Work required
Look through the lines below, find those with the word "ultimately", and copy them.

Data supplied
§ §
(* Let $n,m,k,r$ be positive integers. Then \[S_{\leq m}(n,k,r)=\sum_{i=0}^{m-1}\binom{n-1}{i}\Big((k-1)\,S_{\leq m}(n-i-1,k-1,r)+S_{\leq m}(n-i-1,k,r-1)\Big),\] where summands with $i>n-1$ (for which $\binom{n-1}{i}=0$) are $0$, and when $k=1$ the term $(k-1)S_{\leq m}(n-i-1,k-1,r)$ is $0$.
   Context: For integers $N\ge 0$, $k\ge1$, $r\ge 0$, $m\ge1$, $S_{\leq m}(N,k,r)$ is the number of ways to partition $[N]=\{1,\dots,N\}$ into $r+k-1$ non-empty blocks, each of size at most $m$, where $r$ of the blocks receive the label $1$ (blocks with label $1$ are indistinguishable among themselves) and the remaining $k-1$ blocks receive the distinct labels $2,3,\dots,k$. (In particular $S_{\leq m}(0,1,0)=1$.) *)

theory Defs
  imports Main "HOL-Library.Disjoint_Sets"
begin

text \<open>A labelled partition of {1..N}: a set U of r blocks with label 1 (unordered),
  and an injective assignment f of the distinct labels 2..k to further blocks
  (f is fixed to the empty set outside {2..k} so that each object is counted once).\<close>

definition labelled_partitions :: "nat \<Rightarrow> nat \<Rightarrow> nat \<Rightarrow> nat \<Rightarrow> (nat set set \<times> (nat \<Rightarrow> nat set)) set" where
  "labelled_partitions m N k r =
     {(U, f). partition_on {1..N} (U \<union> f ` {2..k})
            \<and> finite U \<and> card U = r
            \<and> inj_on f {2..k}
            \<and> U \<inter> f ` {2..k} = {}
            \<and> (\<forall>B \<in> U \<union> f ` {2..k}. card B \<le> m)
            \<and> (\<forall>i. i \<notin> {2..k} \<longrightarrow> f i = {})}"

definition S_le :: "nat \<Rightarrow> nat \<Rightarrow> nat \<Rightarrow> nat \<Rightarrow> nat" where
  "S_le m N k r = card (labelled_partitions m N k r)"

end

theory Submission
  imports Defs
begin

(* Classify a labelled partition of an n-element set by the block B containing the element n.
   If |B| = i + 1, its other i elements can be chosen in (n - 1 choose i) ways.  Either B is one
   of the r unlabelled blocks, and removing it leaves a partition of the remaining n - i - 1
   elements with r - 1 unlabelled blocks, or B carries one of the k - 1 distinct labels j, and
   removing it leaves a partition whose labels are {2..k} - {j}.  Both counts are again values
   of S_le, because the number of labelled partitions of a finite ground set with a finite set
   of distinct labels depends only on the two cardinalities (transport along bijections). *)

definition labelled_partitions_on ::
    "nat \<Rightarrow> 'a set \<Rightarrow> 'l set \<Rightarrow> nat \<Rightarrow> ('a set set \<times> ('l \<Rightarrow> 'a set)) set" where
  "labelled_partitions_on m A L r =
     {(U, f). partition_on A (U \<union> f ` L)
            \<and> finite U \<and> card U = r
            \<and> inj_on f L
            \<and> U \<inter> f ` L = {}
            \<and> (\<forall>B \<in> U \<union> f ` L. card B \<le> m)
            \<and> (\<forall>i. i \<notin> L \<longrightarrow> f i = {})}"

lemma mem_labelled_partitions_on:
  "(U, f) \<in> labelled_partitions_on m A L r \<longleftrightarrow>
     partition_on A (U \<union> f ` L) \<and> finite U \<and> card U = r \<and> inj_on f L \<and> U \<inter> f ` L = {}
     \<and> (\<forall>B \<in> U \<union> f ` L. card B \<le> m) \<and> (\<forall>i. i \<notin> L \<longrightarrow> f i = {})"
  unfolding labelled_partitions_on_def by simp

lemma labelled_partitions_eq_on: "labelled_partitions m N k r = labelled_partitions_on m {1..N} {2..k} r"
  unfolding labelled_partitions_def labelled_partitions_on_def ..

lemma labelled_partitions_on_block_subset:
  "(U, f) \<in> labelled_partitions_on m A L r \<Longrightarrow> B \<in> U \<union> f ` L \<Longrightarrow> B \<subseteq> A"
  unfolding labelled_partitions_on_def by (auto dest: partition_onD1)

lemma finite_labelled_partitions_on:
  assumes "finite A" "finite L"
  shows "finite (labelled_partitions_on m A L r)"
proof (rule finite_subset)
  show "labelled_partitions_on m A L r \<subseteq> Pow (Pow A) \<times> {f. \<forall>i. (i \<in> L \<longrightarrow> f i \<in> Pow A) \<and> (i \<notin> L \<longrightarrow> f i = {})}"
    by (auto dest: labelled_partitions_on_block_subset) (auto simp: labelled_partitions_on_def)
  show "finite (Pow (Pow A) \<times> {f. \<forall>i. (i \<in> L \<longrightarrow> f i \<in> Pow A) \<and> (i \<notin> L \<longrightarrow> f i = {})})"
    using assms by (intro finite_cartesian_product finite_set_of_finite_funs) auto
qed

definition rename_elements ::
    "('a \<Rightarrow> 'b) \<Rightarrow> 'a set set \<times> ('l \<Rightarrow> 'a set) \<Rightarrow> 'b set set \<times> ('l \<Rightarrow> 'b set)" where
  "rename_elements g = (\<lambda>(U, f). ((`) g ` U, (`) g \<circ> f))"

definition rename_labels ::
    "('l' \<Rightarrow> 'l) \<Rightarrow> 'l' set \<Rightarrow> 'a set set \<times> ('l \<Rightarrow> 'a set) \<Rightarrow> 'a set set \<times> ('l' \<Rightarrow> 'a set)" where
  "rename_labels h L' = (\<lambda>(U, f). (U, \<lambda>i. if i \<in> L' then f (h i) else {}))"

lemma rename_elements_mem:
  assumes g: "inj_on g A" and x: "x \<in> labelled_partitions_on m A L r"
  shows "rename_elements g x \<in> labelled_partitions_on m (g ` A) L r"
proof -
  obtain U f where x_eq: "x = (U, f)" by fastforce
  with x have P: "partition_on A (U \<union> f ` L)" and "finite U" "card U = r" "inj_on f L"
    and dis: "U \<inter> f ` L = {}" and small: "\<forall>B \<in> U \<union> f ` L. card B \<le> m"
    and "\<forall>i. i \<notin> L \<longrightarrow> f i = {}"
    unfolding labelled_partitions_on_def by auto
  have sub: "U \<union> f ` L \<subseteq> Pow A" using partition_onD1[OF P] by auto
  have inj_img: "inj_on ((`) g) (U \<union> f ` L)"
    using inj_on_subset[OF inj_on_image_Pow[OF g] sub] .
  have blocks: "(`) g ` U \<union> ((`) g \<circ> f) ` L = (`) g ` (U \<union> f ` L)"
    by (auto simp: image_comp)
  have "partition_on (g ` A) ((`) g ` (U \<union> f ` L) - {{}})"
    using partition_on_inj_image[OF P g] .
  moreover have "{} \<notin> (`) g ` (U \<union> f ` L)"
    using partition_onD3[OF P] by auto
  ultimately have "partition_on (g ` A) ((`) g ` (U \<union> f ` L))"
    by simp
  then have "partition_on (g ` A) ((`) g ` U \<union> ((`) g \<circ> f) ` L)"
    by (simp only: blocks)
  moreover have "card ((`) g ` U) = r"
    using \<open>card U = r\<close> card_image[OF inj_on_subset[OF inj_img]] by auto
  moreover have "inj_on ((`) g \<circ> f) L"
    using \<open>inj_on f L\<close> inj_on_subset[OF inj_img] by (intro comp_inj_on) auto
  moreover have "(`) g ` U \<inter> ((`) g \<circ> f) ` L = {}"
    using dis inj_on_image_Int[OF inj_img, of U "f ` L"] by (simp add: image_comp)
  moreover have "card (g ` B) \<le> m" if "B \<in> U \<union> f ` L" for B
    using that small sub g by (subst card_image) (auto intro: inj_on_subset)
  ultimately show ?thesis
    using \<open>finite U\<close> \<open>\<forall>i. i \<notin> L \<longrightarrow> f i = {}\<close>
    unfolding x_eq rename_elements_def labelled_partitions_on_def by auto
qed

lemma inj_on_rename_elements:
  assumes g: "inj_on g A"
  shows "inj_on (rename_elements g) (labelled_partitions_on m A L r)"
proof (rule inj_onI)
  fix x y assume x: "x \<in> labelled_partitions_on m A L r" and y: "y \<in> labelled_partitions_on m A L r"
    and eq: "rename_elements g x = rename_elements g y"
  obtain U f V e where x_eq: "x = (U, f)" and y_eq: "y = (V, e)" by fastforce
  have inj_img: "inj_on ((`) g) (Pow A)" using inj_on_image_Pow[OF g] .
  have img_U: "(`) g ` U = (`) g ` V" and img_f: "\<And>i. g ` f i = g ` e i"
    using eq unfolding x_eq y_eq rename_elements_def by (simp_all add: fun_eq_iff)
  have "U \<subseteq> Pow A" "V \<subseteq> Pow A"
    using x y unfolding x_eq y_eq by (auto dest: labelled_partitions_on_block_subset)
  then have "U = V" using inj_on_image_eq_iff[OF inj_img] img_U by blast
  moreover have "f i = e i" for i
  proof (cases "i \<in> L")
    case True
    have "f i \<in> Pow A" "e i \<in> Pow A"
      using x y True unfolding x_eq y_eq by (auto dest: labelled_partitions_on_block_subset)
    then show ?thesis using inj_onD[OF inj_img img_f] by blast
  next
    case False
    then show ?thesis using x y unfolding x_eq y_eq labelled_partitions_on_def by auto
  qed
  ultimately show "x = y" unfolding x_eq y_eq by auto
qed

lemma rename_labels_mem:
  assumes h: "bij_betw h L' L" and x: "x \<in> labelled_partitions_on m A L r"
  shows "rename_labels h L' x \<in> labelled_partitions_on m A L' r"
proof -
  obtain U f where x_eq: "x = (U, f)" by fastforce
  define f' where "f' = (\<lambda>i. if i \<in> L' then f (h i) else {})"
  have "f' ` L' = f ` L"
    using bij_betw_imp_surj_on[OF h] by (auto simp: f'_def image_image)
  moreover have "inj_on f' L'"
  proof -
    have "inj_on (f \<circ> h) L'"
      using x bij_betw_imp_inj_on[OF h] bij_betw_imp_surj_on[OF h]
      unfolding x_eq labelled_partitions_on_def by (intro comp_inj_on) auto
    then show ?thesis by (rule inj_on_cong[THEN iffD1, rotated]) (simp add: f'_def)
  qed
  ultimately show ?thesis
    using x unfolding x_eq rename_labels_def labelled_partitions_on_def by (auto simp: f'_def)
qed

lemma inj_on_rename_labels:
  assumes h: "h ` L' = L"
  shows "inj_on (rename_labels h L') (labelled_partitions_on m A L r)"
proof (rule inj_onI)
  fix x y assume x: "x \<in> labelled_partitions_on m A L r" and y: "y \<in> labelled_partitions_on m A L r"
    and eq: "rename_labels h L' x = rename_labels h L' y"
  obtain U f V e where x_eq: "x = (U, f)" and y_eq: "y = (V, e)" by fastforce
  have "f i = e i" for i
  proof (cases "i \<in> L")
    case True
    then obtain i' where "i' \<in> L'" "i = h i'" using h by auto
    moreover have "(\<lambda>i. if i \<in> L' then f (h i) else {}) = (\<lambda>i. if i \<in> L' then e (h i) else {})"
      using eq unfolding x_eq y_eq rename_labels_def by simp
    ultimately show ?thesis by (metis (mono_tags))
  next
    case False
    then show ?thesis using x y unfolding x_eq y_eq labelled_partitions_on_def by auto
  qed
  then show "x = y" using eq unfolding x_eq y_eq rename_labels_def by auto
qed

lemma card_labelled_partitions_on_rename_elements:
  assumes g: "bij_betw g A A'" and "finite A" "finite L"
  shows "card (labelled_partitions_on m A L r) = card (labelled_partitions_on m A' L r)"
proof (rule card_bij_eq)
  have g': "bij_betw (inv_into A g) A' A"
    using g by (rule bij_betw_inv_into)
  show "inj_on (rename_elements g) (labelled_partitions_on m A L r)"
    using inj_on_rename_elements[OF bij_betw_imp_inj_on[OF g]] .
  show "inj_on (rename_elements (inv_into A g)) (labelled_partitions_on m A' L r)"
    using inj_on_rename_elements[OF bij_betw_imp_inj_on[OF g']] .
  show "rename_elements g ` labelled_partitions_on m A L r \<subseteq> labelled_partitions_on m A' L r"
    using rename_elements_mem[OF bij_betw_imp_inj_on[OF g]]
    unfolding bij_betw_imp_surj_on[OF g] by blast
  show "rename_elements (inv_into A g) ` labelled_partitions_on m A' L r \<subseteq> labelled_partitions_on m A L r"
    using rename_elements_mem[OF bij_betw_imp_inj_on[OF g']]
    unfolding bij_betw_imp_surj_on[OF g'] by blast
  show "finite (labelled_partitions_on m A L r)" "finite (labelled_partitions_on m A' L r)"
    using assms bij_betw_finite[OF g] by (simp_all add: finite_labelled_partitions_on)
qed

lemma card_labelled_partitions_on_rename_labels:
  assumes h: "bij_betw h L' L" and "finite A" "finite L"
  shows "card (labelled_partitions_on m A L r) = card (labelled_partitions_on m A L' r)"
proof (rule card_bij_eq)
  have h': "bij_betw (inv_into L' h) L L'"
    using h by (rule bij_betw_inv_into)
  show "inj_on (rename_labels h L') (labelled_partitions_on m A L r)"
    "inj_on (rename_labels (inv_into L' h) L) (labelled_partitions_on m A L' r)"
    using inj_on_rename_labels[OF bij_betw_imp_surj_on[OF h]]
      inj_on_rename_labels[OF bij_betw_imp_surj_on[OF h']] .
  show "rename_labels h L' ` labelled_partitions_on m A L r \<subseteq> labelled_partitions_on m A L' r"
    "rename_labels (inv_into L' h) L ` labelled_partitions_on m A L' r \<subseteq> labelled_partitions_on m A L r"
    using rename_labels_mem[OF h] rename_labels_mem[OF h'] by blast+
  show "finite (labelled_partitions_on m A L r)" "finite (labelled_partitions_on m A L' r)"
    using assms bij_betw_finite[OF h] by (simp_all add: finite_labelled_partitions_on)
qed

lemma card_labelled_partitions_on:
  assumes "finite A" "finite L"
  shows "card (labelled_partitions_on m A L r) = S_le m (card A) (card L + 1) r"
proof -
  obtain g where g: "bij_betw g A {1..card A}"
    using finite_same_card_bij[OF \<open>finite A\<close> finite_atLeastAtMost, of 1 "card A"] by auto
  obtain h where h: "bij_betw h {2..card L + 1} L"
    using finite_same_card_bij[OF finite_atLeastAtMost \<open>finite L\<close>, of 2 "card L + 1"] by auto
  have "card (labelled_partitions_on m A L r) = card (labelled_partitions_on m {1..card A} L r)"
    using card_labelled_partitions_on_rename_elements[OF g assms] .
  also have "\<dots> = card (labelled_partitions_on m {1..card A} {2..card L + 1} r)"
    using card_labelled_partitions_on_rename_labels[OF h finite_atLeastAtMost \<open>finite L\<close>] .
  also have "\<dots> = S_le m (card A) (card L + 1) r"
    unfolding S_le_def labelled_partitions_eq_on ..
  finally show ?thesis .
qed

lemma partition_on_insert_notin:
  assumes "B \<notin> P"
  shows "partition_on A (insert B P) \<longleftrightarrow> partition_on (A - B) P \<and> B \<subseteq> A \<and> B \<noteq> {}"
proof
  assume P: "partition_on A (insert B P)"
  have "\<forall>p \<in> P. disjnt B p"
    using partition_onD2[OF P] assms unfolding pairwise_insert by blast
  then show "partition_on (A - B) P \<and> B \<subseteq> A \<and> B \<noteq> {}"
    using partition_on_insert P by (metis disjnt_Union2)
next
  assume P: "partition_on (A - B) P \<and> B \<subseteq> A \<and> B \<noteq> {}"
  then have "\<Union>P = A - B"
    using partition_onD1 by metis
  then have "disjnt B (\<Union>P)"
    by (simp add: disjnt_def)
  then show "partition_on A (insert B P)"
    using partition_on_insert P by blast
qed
§ §
Result of this task
  ultimately have "partition_on (g ` A) ((`) g ` (U \<union> f ` L))"
  ultimately show ?thesis
  ultimately show "x = y" unfolding x_eq y_eq by auto
  ultimately show ?thesis
    ultimately show ?thesis by (metis (mono_tags))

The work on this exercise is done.